- _PROMPT_
Count lines holding the string "unfolding" in the data that follows. Reply with one number only.
··· STORED DATA ···
lemma norm_vector_matrix_mult_le:
  fixes R :: "real^'n^'m"
  assumes "0 \<le> c" and "\<And>y. norm (R *v y) \<le> c * norm y"
  shows "norm (z v* R) \<le> c * norm z"
proof -
  let ?w = "z v* R"
  have "(norm ?w)\<^sup>2 = z \<bullet> (R *v ?w)"
    by (simp add: power2_norm_eq_inner dot_lmul_matrix del: transpose_matrix_vector)
  also have "\<dots> \<le> norm z * norm (R *v ?w)"
    by (rule norm_cauchy_schwarz)
  also have "\<dots> \<le> norm z * (c * norm ?w)"
    by (simp add: assms mult_left_mono)
  finally have "norm ?w * norm ?w \<le> (c * norm z) * norm ?w"
    by (simp add: power2_eq_square ac_simps)
  then show ?thesis
    using assms(1) by (cases "norm ?w = 0") auto
qed

lemma singular_pair_exists:
  fixes R :: "real^'n^'m"
  assumes "k < CARD('m)" and "k < CARD('n)"
    and Rv: "\<forall>i<k. R *v v i = 0" and uR: "\<forall>i<k. u i v* R = 0"
  obtains s u0 v0 where "0 \<le> s" and "u0 \<bullet> u0 = 1" and "v0 \<bullet> v0 = 1"
    and "\<forall>i<k. u0 \<bullet> u i = 0" and "\<forall>i<k. v0 \<bullet> v i = 0"
    and "R *v v0 = s *\<^sub>R u0" and "u0 v* R = s *\<^sub>R v0"
proof -
  obtain x where x: "norm x = 1" and max: "\<And>y. norm (R *v y) \<le> norm (R *v x) * norm y"
    using exists_maximal_stretch[of R] by blast
  define s where "s = norm (R *v x)"
  have max_T: "norm (z v* R) \<le> s * norm z" for z
    using max by (intro norm_vector_matrix_mult_le) (simp_all add: s_def)
  show ?thesis
  proof (cases "s = 0")
    case True
    obtain u0 :: "real^'m" where "u0 \<bullet> u0 = 1" "\<forall>i<k. u0 \<bullet> u i = 0"
      using exists_unit_orthogonal[of k u] assms(1) by auto
    moreover obtain v0 :: "real^'n" where "v0 \<bullet> v0 = 1" "\<forall>i<k. v0 \<bullet> v i = 0"
      using exists_unit_orthogonal[of k v] assms(2) by auto
    moreover have "R *v v0 = 0" and "u0 v* R = 0"
      using max[of v0] max_T[of u0] True by (simp_all add: s_def)
    ultimately show ?thesis
      using that[of 0 u0 v0] by simp
  next
    case False
    then have "0 < s"
      by (simp add: s_def)
    define u0 where "u0 = (1 / s) *\<^sub>R (R *v x)"
    have u0: "u0 \<bullet> u0 = 1"
      using \<open>0 < s\<close> by (simp add: u0_def dot_square_norm power2_eq_square s_def)
    have Rx: "R *v x = s *\<^sub>R u0"
      using \<open>0 < s\<close> by (simp add: u0_def)
    \<comment> \<open>x maximises the stretch of R, so u0 v* R attains the bound s along x and must be s x.\<close>
    have u0R: "u0 v* R = s *\<^sub>R x"
    proof (rule eq_scaleR_if_inner_eq_norm_bound)
      show "norm (u0 v* R) \<le> s"
        using max_T[of u0] u0 by (simp add: norm_eq_sqrt_inner)
      show "(u0 v* R) \<bullet> x = s"
        using u0 by (simp add: dot_lmul_matrix Rx del: transpose_matrix_vector)
    qed (use x in simp)
    have "\<forall>i<k. u0 \<bullet> u i = 0"
    proof (intro allI impI)
      fix i assume "i < k"
      have "u i \<bullet> (R *v x) = (u i v* R) \<bullet> x"
        by (rule dot_lmul_matrix[symmetric])
      then show "u0 \<bullet> u i = 0"
        using uR \<open>i < k\<close> by (simp add: u0_def inner_commute)
    qed
    moreover have "\<forall>i<k. x \<bullet> v i = 0"
    proof (intro allI impI)
      fix i assume "i < k"
      have "s * (x \<bullet> v i) = u0 \<bullet> (R *v v i)"
        using dot_lmul_matrix[of u0 R "v i"] by (simp add: u0R del: transpose_matrix_vector)
      then show "x \<bullet> v i = 0"
        using Rv \<open>i < k\<close> \<open>0 < s\<close> by simp
    qed
    ultimately show ?thesis
      using that[of s u0 x] \<open>0 < s\<close> u0 x Rx u0R by (simp add: dot_square_norm)
  qed
qed

lemma partial_svd_exists:
  fixes G :: "real^'n^'m"
  assumes "k \<le> min CARD('m) CARD('n)"
  shows "\<exists>s u v. orthonormal_family k u \<and> orthonormal_family k v \<and> (\<forall>i<k. 0 \<le> s i) \<and>
           (\<forall>i<k. (G - outer_prod_sum k s u v) *v v i = 0 \<and> u i v* (G - outer_prod_sum k s u v) = 0)"
  using assms
proof (induction k)
  case 0
  then show ?case
    by (simp add: orthonormal_family_def)
next
  case (Suc k)
  then obtain s u v where u: "orthonormal_family k u" and v: "orthonormal_family k v"
    and s: "\<forall>i<k. 0 \<le> s i"
    and ann: "\<forall>i<k. (G - outer_prod_sum k s u v) *v v i = 0 \<and> u i v* (G - outer_prod_sum k s u v) = 0"
    by auto
  define R where "R = G - outer_prod_sum k s u v"
  obtain c x y where "0 \<le> c" and x: "x \<bullet> x = 1" and y: "y \<bullet> y = 1"
    and xu: "\<forall>i<k. x \<bullet> u i = 0" and yv: "\<forall>i<k. y \<bullet> v i = 0"
    and Ry: "R *v y = c *\<^sub>R x" and xR: "x v* R = c *\<^sub>R y"
    using singular_pair_exists[of k R v u] ann Suc.prems by (auto simp: R_def)
  define R' where "R' = G - outer_prod_sum (Suc k) (s(k := c)) (u(k := x)) (v(k := y))"
  have R': "R' = R - c *\<^sub>R outer_prod x y"
    by (simp add: R'_def outer_prod_sum_Suc_upd R_def)
  have "R' *v (v(k := y)) i = 0" if "i < Suc k" for i
    using that ann yv y Ry
    by (auto simp: R' less_Suc_eq R_def matrix_vector_mult_diff_rdistrib
        scaleR_matrix_vector_assoc[symmetric] outer_prod_mult_vec inner_commute)
  moreover have "(u(k := x)) i v* R' = 0" if "i < Suc k" for i
    using that ann xu x xR
    by (auto simp: R' less_Suc_eq R_def vector_matrix_mult_diff_rdistrib vector_scaleR_matrix_ac
        vec_mult_outer_prod inner_commute simp del: transpose_matrix_vector)
  moreover have "orthonormal_family (Suc k) (u(k := x))" and "orthonormal_family (Suc k) (v(k := y))"
    using u v x y xu yv by (simp_all add: orthonormal_family_Suc)
  moreover have "\<forall>i<Suc k. 0 \<le> (s(k := c)) i"
    using s \<open>0 \<le> c\<close> by (simp add: less_Suc_eq)
  ultimately show ?case
    unfolding R'_def by blast
qed

lemma span_orthonormal_family:
  fixes w :: "nat \<Rightarrow> 'a::euclidean_space"
  assumes "orthonormal_family DIM('a) w"
  shows "span (w ` {..<DIM('a)}) = UNIV"
proof -
  have "inj_on w {..<DIM('a)}"
    using assms by (intro inj_onI) (metis lessThan_iff orthonormal_family_def zero_neq_one)
  moreover have "0 \<notin> w ` {..<DIM('a)}"
    using assms by (auto simp: orthonormal_family_def) (metis inner_zero_left zero_neq_one)
  then have "independent (w ` {..<DIM('a)})"
    using assms by (intro pairwise_orthogonal_independent)
      (auto simp: pairwise_def orthogonal_def orthonormal_family_def)
  ultimately show ?thesis
    using card_ge_dim_independent[of "w ` {..<DIM('a)}" UNIV] by (auto simp: card_image dim_UNIV)
qed

lemma matrix_eq_0_if_orthonormal_kernel:
  fixes A :: "real^'n^'m"
  assumes "orthonormal_family CARD('n) w" and "\<forall>i<CARD('n). A *v w i = 0"
  shows "A = 0"
proof -
  have "span (w ` {..<CARD('n)}) = UNIV"
    using span_orthonormal_family[of w] assms(1) by simp
  then have "A *v x = 0" for x
    using real_vector.linear_eq_0_on_span[of "\<lambda>x. A *v x" "w ` {..<CARD('n)}"] assms(2) by auto
  then show ?thesis
    by (simp add: matrix_eq)
qed

lemma thin_svd_exists:
  fixes G :: "real^'n^'m"
  shows "\<exists>u s v. is_thin_svd G u s v"
proof -
  define d where "d = min CARD('m) CARD('n)"
  obtain s u v where u: "orthonormal_family d u" and v: "orthonormal_family d v" and s: "\<forall>i<d. 0 \<le> s i"
    and R: "\<forall>i<d. (G - outer_prod_sum d s u v) *v v i = 0 \<and> u i v* (G - outer_prod_sum d s u v) = 0"
    using partial_svd_exists[of d G] by (auto simp: d_def)
  have "G - outer_prod_sum d s u v = 0"
  proof (cases "d = CARD('n)")
    case True
    then show ?thesis
      by (intro matrix_eq_0_if_orthonormal_kernel[OF v[unfolded True]]) (use R True in simp)
  next
    case False
    then have "d = CARD('m)"
      by (simp add: d_def min_def split: if_splits)
    then have "transpose (G - outer_prod_sum d s u v) = 0"
      by (intro matrix_eq_0_if_orthonormal_kernel[of u]) (use u R in simp_all)
    moreover have "transpose (0 :: real^'m^'n) = 0"
      by (simp add: transpose_def vec_eq_iff)
    ultimately show ?thesis
      by (metis transpose_transpose)
  qed
  then show ?thesis
    using u v s by (auto simp: is_thin_svd_iff d_def)
qed

section \<open>Spectral clipping\<close>

lemma spec_clip_thin_svd:
  fixes G :: "real^'n^'m"
  obtains u s v where "is_thin_svd G u s v"
    and "spec_clip \<tau> G = outer_prod_sum (min CARD('m) CARD('n)) (\<lambda>k. min (s k) \<tau>) u v"
proof -
  obtain u s v where uv: "(SOME (u, s, v). is_thin_svd G u s v) = (u, s, v)"
    by (metis prod_cases3)
  have "is_thin_svd G u s v"
    using someI_ex[of "\<lambda>(u, s, v). is_thin_svd G u s v"] thin_svd_exists[of G] uv by auto
  moreover have "spec_clip \<tau> G = outer_prod_sum (min CARD('m) CARD('n)) (\<lambda>k. min (s k) \<tau>) u v"
    by (simp add: spec_clip_def uv outer_prod_sum_def)
  ultimately show ?thesis
    by (rule that)
qed

lemma singular_value_le_norm:
  fixes G :: "real^'n^'m"
  assumes "is_thin_svd G u s v" and "k < min CARD('m) CARD('n)"
  shows "s k \<le> norm G"
proof -
  have "(s k)\<^sup>2 \<le> (\<Sum>l<min CARD('m) CARD('n). (s l)\<^sup>2)"
    using assms(2) by (intro member_le_sum) auto
  also have "\<dots> = (norm G)\<^sup>2"
    using assms(1) norm_outer_prod_sum[of _ u v s] by (simp add: is_thin_svd_iff)
  finally show ?thesis
    by (rule power2_le_imp_le) simp
qed

lemma norm_diff_spec_clip_le:
  fixes G :: "real^'n^'m"
  assumes "0 \<le> \<tau>"
  shows "norm (G - spec_clip \<tau> G) \<le> norm G"
proof -
  define d where "d = min CARD('m) CARD('n)"
  obtain u s v where svd: "is_thin_svd G u s v"
    and clip: "spec_clip \<tau> G = outer_prod_sum d (\<lambda>k. min (s k) \<tau>) u v"
    unfolding d_def by (rule spec_clip_thin_svd)
  then have u: "orthonormal_family d u" and v: "orthonormal_family d v"
    and s: "\<forall>k<d. 0 \<le> s k" and G: "G = outer_prod_sum d s u v"
    by (simp_all add: is_thin_svd_iff d_def)
  have "G - spec_clip \<tau> G = outer_prod_sum d (\<lambda>k. s k - min (s k) \<tau>) u v"
    by (subst G) (simp add: clip outer_prod_sum_def sum_subtractf scaleR_diff_left)
  then have "(norm (G - spec_clip \<tau> G))\<^sup>2 = (\<Sum>k<d. (s k - min (s k) \<tau>)\<^sup>2)"
    using norm_outer_prod_sum[OF u v] by simp
  also have "\<dots> \<le> (\<Sum>k<d. (s k)\<^sup>2)"
    using s assms by (intro sum_mono power_mono) auto
  also have "\<dots> = (norm G)\<^sup>2"
    using norm_outer_prod_sum[OF u v] G by simp
  finally show ?thesis
    by (rule power2_le_imp_le) simp
qed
···
- _EXERCISE OUTPUT_
2